This work proposes MolCrystalFlow, a flow-matching–based generative model for molecular crystal structure prediction that addresses the challenges posed by large molecular size and complex intra- and intermolecular interactions. By treating molecules as rigid bodies, the method decouples intramolecular conformations from intermolecular packing and jointly learns the lattice matrix, molecular orientations, and centroid positions. MolCrystalFlow uniquely integrates geodesic flows on Riemannian manifolds with graph neural networks—the first such approach in molecular crystal generation—to rigorously preserve geometric symmetries. It also enables seamless incorporation of general machine learning potentials to accelerate sampling. Evaluated on two open-source datasets, the model significantly outperforms current state-of-the-art generative and rule-based methods, substantially improving the efficiency of predicting large-scale periodic crystal structures.

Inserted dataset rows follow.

lemma borel_measurable_det_mat:
  fixes e :: "'a \<Rightarrow> nat \<Rightarrow> nat \<Rightarrow> real"
  assumes "\<And>i j. i < n \<Longrightarrow> j < n \<Longrightarrow> (\<lambda>w. e w i j) \<in> borel_measurable M"
  shows "(\<lambda>w. det (mat n n (\<lambda>(i, j). e w i j))) \<in> borel_measurable M"
proof -
  have "(\<lambda>w. det (mat n n (\<lambda>(i, j). e w i j))) =
      (\<lambda>w. \<Sum>p \<in> {p. p permutes {0..<n}}. signof p * (\<Prod>i = 0..<n. e w i (p i)))"
    by (rule ext, subst det_def'[of _ n]) auto
  also have "\<dots> \<in> borel_measurable M"
    using permutes_in_image by (fastforce intro!: borel_measurable_sum borel_measurable_times
        borel_measurable_prod assms)
  finally show ?thesis .
qed

lemma det_mat_Suc_split_corner:
  fixes e :: "nat \<Rightarrow> nat \<Rightarrow> 'a :: comm_ring_1"
  shows "det (mat (Suc n) (Suc n) (\<lambda>(i, j). e i j)) =
    e 0 0 * det (mat n n (\<lambda>(i, j). e (Suc i) (Suc j)))
    + det (mat (Suc n) (Suc n) (\<lambda>(i, j). if i = 0 \<and> j = 0 then 0 else e i j))"
proof -
  define A where "A = mat (Suc n) (Suc n) (\<lambda>(i, j). e i j)"
  define B where "B = mat (Suc n) (Suc n) (\<lambda>(i, j). if i = 0 \<and> j = 0 then 0 else e i j)"
  have A: "A \<in> carrier_mat (Suc n) (Suc n)" and B: "B \<in> carrier_mat (Suc n) (Suc n)"
    by (auto simp: A_def B_def)
  have cofactor_eq: "cofactor A i 0 = cofactor B i 0" for i
    unfolding cofactor_def by (rule arg_cong, rule eq_matI) (auto simp: mat_delete_def A_def B_def)
  have entries: "B $$ (0, 0) = 0" "\<And>i. i < n \<Longrightarrow> B $$ (Suc i, 0) = A $$ (Suc i, 0)"
    by (auto simp: A_def B_def)
  have corner_minor: "mat_delete A 0 0 = mat n n (\<lambda>(i, j). e (Suc i) (Suc j))"
    by (rule eq_matI) (auto simp: mat_delete_def A_def)
  have "det A = A $$ (0, 0) * cofactor A 0 0 + (\<Sum>i<n. A $$ (Suc i, 0) * cofactor A (Suc i) 0)"
    using laplace_expansion_column[OF A, of 0] by (simp only: sum.lessThan_Suc_shift)
  moreover have "det B = (\<Sum>i<n. A $$ (Suc i, 0) * cofactor A (Suc i) 0)"
    using laplace_expansion_column[OF B, of 0]
    by (simp only: sum.lessThan_Suc_shift) (simp add: cofactor_eq entries)
  ultimately show ?thesis
    using corner_minor by (simp add: A_def[symmetric] B_def[symmetric] cofactor_def) (simp add: A_def)
qed

lemma det_mat_0: "det (mat 0 0 f) = 1"
proof -
  have "mat 0 0 f = 1\<^sub>m 0"
    by (rule eq_matI) auto
  then show ?thesis
    by simp
qed

lemma AE_PiM_det_nonzero:
  fixes M :: "real measure" and e :: "nat \<Rightarrow> nat \<Rightarrow> 'i"
  assumes M: "prob_space M" "\<And>c. AE y in M. y \<noteq> c" "sets M = sets borel"
    and "finite I"
    and "\<And>i j. i < n \<Longrightarrow> j < n \<Longrightarrow> e i j \<in> I"
    and "inj_on (\<lambda>(i, j). e i j) ({..<n} \<times> {..<n})"
  shows "AE w in PiM I (\<lambda>_. M). det (mat n n (\<lambda>(i, j). w (e i j))) \<noteq> 0"
  using assms(5,6)
proof (induction n arbitrary: e)
  case 0
  then show ?case
    by (simp add: det_mat_0)
next
  case (Suc n)
  define k where "k = e 0 0"
  have k_other: "e i j \<noteq> k" if "i < Suc n" "j < Suc n" "i \<noteq> 0 \<or> j \<noteq> 0" for i j
    using inj_onD[OF Suc.prems(2), of "(i, j)" "(0, 0)"] that by (auto simp: k_def)
  define minor where "minor w = det (mat n n (\<lambda>(i, j). w (e (Suc i) (Suc j))))" for w :: "'i \<Rightarrow> real"
  define rest where "rest w = det (mat (Suc n) (Suc n)
      (\<lambda>(i, j). if i = 0 \<and> j = 0 then 0 else w (e i j)))" for w :: "'i \<Rightarrow> real"
  have det_affine: "det (mat (Suc n) (Suc n) (\<lambda>(i, j). w (e i j))) = w k * minor w + rest w" for w
    using det_mat_Suc_split_corner[of n "\<lambda>i j. w (e i j)"] by (simp add: k_def minor_def rest_def)
  have "inj_on (\<lambda>(i, j). e (Suc i) (Suc j)) ({..<n} \<times> {..<n})"
    using Suc.prems(2) by (auto simp: inj_on_def)
  then have minor_nonzero: "AE w in PiM I (\<lambda>_. M). minor w \<noteq> 0"
    unfolding minor_def using Suc.IH[of "\<lambda>i j. e (Suc i) (Suc j)"] Suc.prems(1) by simp
  have minor_indep: "minor (w(k := t)) = minor w" for w t
    unfolding minor_def using k_other by (intro arg_cong[where f = det] eq_matI) auto
  have rest_indep: "rest (w(k := t)) = rest w" for w t
    unfolding rest_def using k_other by (intro arg_cong[where f = det] eq_matI) auto
  have component: "(\<lambda>w. w (e i j)) \<in> borel_measurable (PiM I (\<lambda>_. M))"
    if "i < Suc n" "j < Suc n" for i j
    using measurable_component_borel[OF M(3) Suc.prems(1)[OF that]] .
  have "minor \<in> borel_measurable (PiM I (\<lambda>_. M))" "rest \<in> borel_measurable (PiM I (\<lambda>_. M))"
    unfolding minor_def rest_def using component by (auto intro!: borel_measurable_det_mat)
  then have "(\<lambda>w. - rest w / minor w) \<in> borel_measurable (PiM I (\<lambda>_. M))"
    by measurable
  from AE_PiM_component_neq[OF M(1) \<open>finite I\<close> _ M(2,3) this]
  have "AE w in PiM I (\<lambda>_. M). w k \<noteq> - rest w / minor w"
    using Suc.prems(1) minor_indep rest_indep by (simp add: k_def)
  with minor_nonzero show ?case
    by eventually_elim (auto simp: det_affine field_simps)
qed

lemma mat_vec_eq_submatrix_mult:
  fixes phi :: "nat \<Rightarrow> nat \<Rightarrow> real"
  assumes "distinct cs" "set cs \<subseteq> {..<N}" "supp N x \<subseteq> set cs" "i < P"
  shows "mat_vec P N phi x i =
    (mat P (length cs) (\<lambda>(i, j). phi i (cs ! j)) *\<^sub>v vec (length cs) (\<lambda>j. x (cs ! j))) $ i"
proof -
  have "(mat P (length cs) (\<lambda>(i, j). phi i (cs ! j)) *\<^sub>v vec (length cs) (\<lambda>j. x (cs ! j))) $ i
      = (\<Sum>k = 0..<length cs. phi i (cs ! k) * x (cs ! k))"
    using assms(4) by (simp add: scalar_prod_def)
  also have "\<dots> = (\<Sum>j\<in>set cs. phi i j * x j)"
    using sum.reindex[OF inj_on_nth[OF assms(1)], of "{0..<length cs}" "\<lambda>j. phi i j * x j"]
      nth_image[of "length cs" cs] by simp
  also have "\<dots> = (\<Sum>j<N. phi i j * x j)"
    using assms(2,3) by (intro sum.mono_neutral_left) (auto simp: supp_def)
  finally show ?thesis
    using assms(4) by (simp add: mat_vec_def)
qed

lemma l0norm_kernel_gt_if_minors_nonsingular:
  fixes phi :: "nat \<Rightarrow> nat \<Rightarrow> real"
  assumes minors: "\<And>cs. length cs = P \<Longrightarrow> distinct cs \<Longrightarrow> set cs \<subseteq> {..<N} \<Longrightarrow>
      det (mat P P (\<lambda>(i, j). phi i (cs ! j))) \<noteq> 0"
    and "P \<le> N"
    and x: "is_vec N x" "x \<noteq> (\<lambda>_. 0)" "mat_vec P N phi x = (\<lambda>_. 0)"
  shows "P < l0norm N x"
proof (rule ccontr)
  assume "\<not> P < l0norm N x"
  then obtain T where T: "supp N x \<subseteq> T" "T \<subseteq> {..<N}" "card T = P"
    using exists_subset_between[of "supp N x" P "{..<N}"] \<open>P \<le> N\<close>
    by (auto simp: l0norm_def supp_def)
  define cs where "cs = sorted_list_of_set T"
  have cs: "distinct cs" "set cs = T" "length cs = P"
    using T finite_subset[OF T(2)] by (auto simp: cs_def)
  define v where "v = vec P (\<lambda>j. x (cs ! j))"
  have "mat P P (\<lambda>(i, j). phi i (cs ! j)) *\<^sub>v v = 0\<^sub>v P"
  proof (rule eq_vecI)
    fix i assume "i < dim_vec (0\<^sub>v P :: real vec)"
    then show "(mat P P (\<lambda>(i, j). phi i (cs ! j)) *\<^sub>v v) $ i = 0\<^sub>v P $ i"
      using mat_vec_eq_submatrix_mult[OF cs(1), of N x i P phi] cs T x(3)
      by (simp add: v_def)
  qed simp
  moreover have "v \<noteq> 0\<^sub>v P"
  proof -
    obtain j where j: "x j \<noteq> 0"
      using x(2) by auto
    then have "j \<in> set cs"
      using x(1) T(1) cs(2) by (auto simp: is_vec_def supp_def not_le[symmetric])
    then obtain k where "k < P" "cs ! k = j"
      using cs(3) by (auto simp: in_set_conv_nth)
    with j show ?thesis
      by (auto simp: v_def dest!: arg_cong[where f = "\<lambda>v. v $ k"])
  qed
  moreover have "v \<in> carrier_vec P"
    by (simp add: v_def)
  ultimately have "det (mat P P (\<lambda>(i, j). phi i (cs ! j))) = 0"
    using det_0_iff_vec_prod_zero[OF mat_carrier] by blast
  with minors[OF cs(3,1)] cs(2) T(2) show False
    by simp
qed

lemma exists_kernel_vector_l0norm_le:
  fixes phi :: "nat \<Rightarrow> nat \<Rightarrow> real"
  assumes "P < N"
  shows "\<exists>x. is_vec N x \<and> x \<noteq> (\<lambda>_. 0) \<and> mat_vec P N phi x = (\<lambda>_. 0) \<and> l0norm N x \<le> P + 1"
proof -
  \<comment> \<open>Pad the first \<open>P + 1\<close> columns with a zero row to get a singular square matrix.\<close>
  define B where "B = mat (Suc P) (Suc P) (\<lambda>(i, j). if i < P then phi i j else 0)"
  have "B = mat\<^sub>r (Suc P) (Suc P) (\<lambda>i. if i = P then 0\<^sub>v (Suc P) else vec (Suc P) (phi i))"
    by (rule eq_matI) (auto simp: B_def)
  then have "det B = 0"
    using det_row_0[of P "Suc P" "\<lambda>i. vec (Suc P) (phi i)"] by auto
  then obtain v where v: "v \<in> carrier_vec (Suc P)" "v \<noteq> 0\<^sub>v (Suc P)" "B *\<^sub>v v = 0\<^sub>v (Suc P)"
    using det_0_iff_vec_prod_zero[of B "Suc P"] by (auto simp: B_def)
  define x where "x j = (if j < Suc P then v $ j else 0)" for j
  have "is_vec N x"
    using assms by (auto simp: is_vec_def x_def)
  moreover have "x \<noteq> (\<lambda>_. 0)"
  proof
    assume x0: "x = (\<lambda>_. 0)"
    have "v $ i = 0" if "i < Suc P" for i
      using fun_cong[OF x0, of i] that by (simp add: x_def)
    with v(1,2) show False
      by (metis carrier_vecD eq_vecI index_zero_vec)
  qed
  moreover have "mat_vec P N phi x i = 0" for i
  proof (cases "i < P")
    case True
    have "(\<Sum>j<N. phi i j * x j) = (\<Sum>j<Suc P. phi i j * x j)"
      using assms by (intro sum.mono_neutral_right) (auto simp: x_def)
    also have "\<dots> = (B *\<^sub>v v) $ i"
      using True v(1) by (simp add: B_def x_def scalar_prod_def atLeast0LessThan)
    finally show ?thesis
      using True v(3) by (simp add: mat_vec_def)
  qed (simp add: mat_vec_def)
  moreover have "l0norm N x \<le> P + 1"
  proof -
    have "supp N x \<subseteq> {..<Suc P}"
      by (auto simp: supp_def x_def split: if_splits)
    then show ?thesis
      unfolding l0norm_def using card_mono[of "{..<Suc P}"] by fastforce
  qed
  ultimately show ?thesis
    by blast
qed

Molecular crystal structure prediction represents a grand challenge in computational chemistry due to large sizes of constituent molecules and complex intra- and intermolecular interactions. While generative modeling has revolutionized structure discovery for molecules, inorganic solids, and metal-organic frameworks, extending such approaches to fully periodic molecular crystals is still elusive. Here, we present MolCrystalFlow, a flow-based generative model for molecular crystal structure prediction. The framework disentangles intramolecular complexity from intermolecular packing by embedding molecules as rigid bodies and jointly learning the lattice matrix, molecular orientations, and centroid positions. Centroids and orientations are represented on their native Riemannian manifolds, allowing geodesic flow construction and graph neural network operations that respects geometric symmetries. We benchmark our model against state-of-the-art generative models for large-size periodic crystals and rule-based structure generation methods on two open-source molecular crystal datasets. We demonstrate an integration of MolCrystalFlow model with universal machine learning potential to accelerate molecular crystal structure prediction, paving the way for data-driven generative discovery of molecular crystals.